New money-laundering proposals
in Congress have U.S. Bankers worried they may lose most of their
international business to foreign competitors. The proposed legislation
aims to stiffen regulation of U.S. Banks' international operations
by placing restrictions on the sort of foreign banks U.S. banks
can set up as correspondents, the offshore financial centers that
can be used by U.S. banks and the type of private banking transactions
U.S. banks can process.
The new bill comes hot on the
heels of two international banking scandals involving prominent
U.S. banks Citigroup and Bank of New York and growing domestic
concern about criminal abuse of the U.S. financial system by foreigners.
One of the most significant aspects of the bill is the requirement
that private banking customers disclose large amounts of information
and prove that funds being deposited with U.S. banks do not come
from criminal origins.
In addition to tougher regulations
the bill also contains tougher enforcement measures.

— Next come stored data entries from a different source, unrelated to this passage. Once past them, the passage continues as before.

lemma pivot_fun_mult_solvable:
  fixes E :: "'a::field mat"
  assumes E: "E \<in> carrier_mat p q" and D: "D \<in> carrier_mat p r" and pivot: "pivot_fun E f q"
    and zero_rows: "\<And>i c. i < p \<Longrightarrow> f i = q \<Longrightarrow> c < r \<Longrightarrow> D $$ (i, c) = 0"
  obtains X where "X \<in> carrier_mat q r" "E * X = D"
proof -
  note pD = pivot_funD[OF carrier_matD(1)[OF E] pivot]
  note inj = pivot_fun_inj[OF E pivot]
  define X where "X = mat q r (\<lambda>(j,c). if \<exists>i<p. f i = j then D $$ (THE i. i < p \<and> f i = j, c) else 0)"
  have XC: "X \<in> carrier_mat q r" unfolding X_def by auto
  have entry: "E $$ (i, j) * X $$ (j, c) = (if j = f i then D $$ (i, c) else 0)"
    if i: "i < p" and j: "j < q" and c: "c < r" for i j c
  proof (cases "\<exists>i'<p. f i' = j")
    case True
    then obtain i' where i': "i' < p" "f i' = j" by auto
    have "(THE i. i < p \<and> f i = j) = i'" using i' inj j by (intro the_equality) auto
    then have X: "X $$ (j, c) = D $$ (i', c)" unfolding X_def using j c True by simp
    show ?thesis
    proof (cases "i' = i")
      case True
      then show ?thesis using X i' pD(4)[OF i] j by auto
    next
      case False
      then have "E $$ (i, f i') = 0" using pD(5)[of i' i] i i' j by auto
      moreover have "j \<noteq> f i" using inj[of i i'] False i i' j by auto
      ultimately show ?thesis using X i' by auto
    qed
  next
    case False
    then show ?thesis unfolding X_def using i j c by auto
  qed
  have "E * X = D"
  proof (rule eq_matI)
    fix i c assume "i < dim_row D" "c < dim_col D"
    then have i: "i < p" and c: "c < r" using D by auto
    have "(E * X) $$ (i, c) = (\<Sum>j<q. E $$ (i, j) * X $$ (j, c))"
      using E XC i c by (simp add: scalar_prod_def atLeast0LessThan)
    also have "\<dots> = (\<Sum>j<q. if j = f i then D $$ (i, c) else 0)"
      using entry[OF i _ c] by (intro sum.cong) auto
    also have "\<dots> = D $$ (i, c)"
      using pD(1)[OF i] zero_rows[OF i _ c] by (cases "f i < q") auto
    finally show "(E * X) $$ (i, c) = D $$ (i, c)" .
  qed (use E XC D in auto)
  with XC that show ?thesis by blast
qed

text \<open>After Gauss--Jordan elimination \<open>P M = E\<close>, each zero row \<open>i\<close>
  of \<open>E\<close> gives the left kernel vector \<open>P\<^sup>T e\<^sub>i\<close> of \<open>M\<close>, so the same row of \<open>P B\<close> vanishes.\<close>

lemma mat_mult_solvable_if_left_kernel_subset:
  fixes M :: "'a::field mat"
  assumes M: "M \<in> carrier_mat p q" and B: "B \<in> carrier_mat p r"
    and kernel: "\<And>y. y \<in> carrier_vec p \<Longrightarrow> transpose_mat M *\<^sub>v y = 0\<^sub>v q \<Longrightarrow> transpose_mat B *\<^sub>v y = 0\<^sub>v r"
  obtains X where "X \<in> carrier_mat q r" "M * X = B"
proof -
  obtain E D where gj: "gauss_jordan M B = (E, D)" by (cases "gauss_jordan M B") auto
  from gauss_jordan_transform[OF M B gj, unfolded ring_mat_def Units_def, simplified]
  obtain P where P: "P \<in> carrier_mat p p" and EPM: "E = P * M" and DPB: "D = P * B" by auto
  have E: "E \<in> carrier_mat p q" and D: "D \<in> carrier_mat p r" using gauss_jordan[OF M B gj] by auto
  from gauss_jordan_row_echelon[OF M gj] obtain f where pivot: "pivot_fun E f q"
    unfolding row_echelon_form_def using E by auto
  have zero_rows: "D $$ (i, c) = 0" if i: "i < p" and fi: "f i = q" and c: "c < r" for i c
  proof -
    define y where "y = transpose_mat P *\<^sub>v unit_vec p i"
    have y: "y \<in> carrier_vec p" unfolding y_def using P by auto
    have row0: "row E i = 0\<^sub>v q" using pivot_fun_zero_row_iff[OF pivot E i] fi by auto
    have "E $$ (i, j) = 0" if "j < q" for j
      using arg_cong[OF row0, of "\<lambda>v. v $ j"] E i that by simp
    then have "transpose_mat E *\<^sub>v unit_vec p i = 0\<^sub>v q"
      using E i by (intro eq_vecI) auto
    moreover have "transpose_mat M *\<^sub>v y = transpose_mat E *\<^sub>v unit_vec p i"
      unfolding y_def EPM using P M by (simp add: transpose_mult assoc_mult_mat_vec[of _ q p _ p])
    ultimately have "transpose_mat B *\<^sub>v y = 0\<^sub>v r" using kernel[OF y] by simp
    moreover have "transpose_mat B *\<^sub>v y = transpose_mat D *\<^sub>v unit_vec p i"
      unfolding y_def DPB using P B by (simp add: transpose_mult assoc_mult_mat_vec[of _ r p _ p])
    ultimately have "(transpose_mat D *\<^sub>v unit_vec p i) $ c = 0" using c by simp
    then show ?thesis using D i c by simp
  qed
  obtain X where X: "X \<in> carrier_mat q r" "E * X = D"
    by (rule pivot_fun_mult_solvable[OF E D pivot zero_rows])
  then have "M * X = B" using gauss_jordan[OF M B gj] by auto
  with X(1) that show ?thesis by blast
qed

section \<open>Chains in the left kernel of a pencil without eigenvalues\<close>

text \<open>A family of vectors in \<open>'a\<^sup>m\<close> is a function \<open>ys\<close>, with \<open>ys k i\<close> the \<open>i\<close>-th entry of the
  \<open>k\<close>-th vector; likewise \<open>A i l\<close> is the \<open>(i, l)\<close> entry of the \<open>m \<times> n\<close> matrix \<open>A\<close>.\<close>

lemma Suc_dim_vectors_dependent:
  fixes ys :: "nat \<Rightarrow> nat \<Rightarrow> 'a::field"
  obtains c where "\<exists>k\<le>m. c k \<noteq> 0" "\<forall>i<m. (\<Sum>k\<le>m. c k * ys k i) = 0"
proof -
  define Y where "Y = mat m (Suc m) (\<lambda>(i, k). ys k i)"
  obtain v where v: "v \<in> carrier_vec (Suc m)" "v \<noteq> 0\<^sub>v (Suc m)" "Y *\<^sub>v v = 0\<^sub>v m"
    by (rule underdetermined_system_nontrivial_solution[of Y m "Suc m"]) (auto simp: Y_def)
  have "\<exists>k\<le>m. v $ k \<noteq> 0"
    using v(1,2) by (auto simp: vec_eq_iff less_Suc_eq_le)
  moreover have "(\<Sum>k\<le>m. v $ k * ys k i) = 0" if i: "i < m" for i
  proof -
    have "(Y *\<^sub>v v) $ i = (\<Sum>k\<le>m. v $ k * ys k i)"
      using i v(1) unfolding Y_def
      by (auto simp: scalar_prod_def atLeast0LessThan lessThan_Suc_atMost mult.commute intro!: sum.cong)
    then show ?thesis using v(3) i by simp
  qed
  ultimately show ?thesis by (intro that[of "\<lambda>k. v $ k"]) auto
qed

It proposes
that any transaction classed as tax evasion, flight capital, or
a violation of non-U.S. foreign exchange regulations would be
subject to criminal sanctions rather than civil penalties, and
would also prosecute for money laundering any U.S. bank handling
funds originating from violations of foreign laws.
The U.S. banking industry
has not reacted well to the proposed new laws. John Byrne of the
American Bankers Association said, "We don't believe the proposals
are necessary and we are very concerned about the direction our
policymakers seem to be going. We already have in place all the
laws we need and this will only make it more difficult for foreign
customers to do business with U.S. institutions."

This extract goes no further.